_What you need to do_
Copy out, from the data, each line containing the string "subst".

_Data in this exercise_
▼▼▼

lemma mps_output_eq_trace:
  "mps_output n d \<phi> D A x = (\<Sum>u<D 0. \<Sum>v<D (n - 1). site_matrix A (n - 1) v u * tail_prod D A 0 u v)"
proof -
  obtain m where n: "n = Suc m"
    using n_pos by (cases n) auto
  have cyclic: "(\<Prod>i<n. site_matrix A i (a i) (a ((i + 1) mod n)))
      = site_matrix A m (a m) (a 0) * (\<Prod>i<m. site_matrix A i (a i) (a (Suc i)))"
    for a :: "nat \<Rightarrow> nat"
  proof -
    have "(\<Prod>i<m. site_matrix A i (a i) (a ((i + 1) mod n)))
      = (\<Prod>i<m. site_matrix A i (a i) (a (Suc i)))"
      by (intro prod.cong refl) (simp add: n)
    then show ?thesis
      by (simp add: n mult.commute)
  qed
  have "mps_output n d \<phi> D A x
      = (\<Sum>a\<in>PiE {..<n} (\<lambda>i. {..<D i}). \<Prod>i<n. site_matrix A i (a i) (a ((i + 1) mod n)))"
    unfolding mps_output_def site_matrix_def feature_def
    by (subst sum.swap) (simp add: prod.distrib[symmetric] prod_sum_PiE)
  also have "\<dots> = (\<Sum>a\<in>PiE {..<Suc m} (\<lambda>i. {..<D i}).
      site_matrix A m (a m) (a 0) * (\<Prod>i<m. site_matrix A i (a i) (a (Suc i))))"
    unfolding cyclic by (simp add: n)
  also have "\<dots> = (\<Sum>u<D 0. \<Sum>v<D m. site_matrix A m v u * chain_prod (site_matrix A) D 0 m u v)"
    by (rule sum_PiE_path_eq_chain_prod)
  finally show ?thesis
    unfolding tail_prod_def using n by simp
qed

definition last_site_idx :: "(nat \<Rightarrow> nat) \<Rightarrow> (nat \<times> nat \<times> nat \<times> nat) set" where
  "last_site_idx D = (\<lambda>(u, v, s). (n - 1, s, v, u)) ` ({..<D 0} \<times> {..<D (n - 1)} \<times> {..<d (n - 1)})"

definition last_site_coeff ::
    "(nat \<Rightarrow> nat) \<Rightarrow> nat \<times> nat \<times> nat \<times> nat \<Rightarrow> (nat \<times> nat \<times> nat \<times> nat \<Rightarrow> real) \<Rightarrow> real" where
  "last_site_coeff D p A = (case p of (i, s, v, u) \<Rightarrow> feature (n - 1) s * tail_prod D A 0 u v)"

lemma last_site_idx_subset: "last_site_idx D \<subseteq> idx D"
  using n_pos by (auto simp: last_site_idx_def mps_index_def)

lemma sum_last_site_idx:
  "(\<Sum>p\<in>last_site_idx D. f p) = (\<Sum>u<D 0. \<Sum>v<D (n - 1). \<Sum>s<d (n - 1). f (n - 1, s, v, u))"
proof -
  have "inj_on (\<lambda>(u, v, s). (n - 1, s, v, u)) X" for X :: "(nat \<times> nat \<times> nat) set"
    by (auto simp: inj_on_def)
  then show ?thesis
    unfolding last_site_idx_def by (subst sum.reindex) (simp_all add: sum.cartesian_product')
qed

lemma mps_output_eq_last_site_sum:
  "mps_output n d \<phi> D A x = (\<Sum>p\<in>last_site_idx D. A p * last_site_coeff D p A)"
  unfolding mps_output_eq_trace sum_last_site_idx last_site_coeff_def site_matrix_def
  by (simp add: sum_distrib_left mult_ac)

▲▲▲

_Result of this exercise_
    by (subst sum.swap) (simp add: prod.distrib[symmetric] prod_sum_PiE)
    unfolding last_site_idx_def by (subst sum.reindex) (simp_all add: sum.cartesian_product')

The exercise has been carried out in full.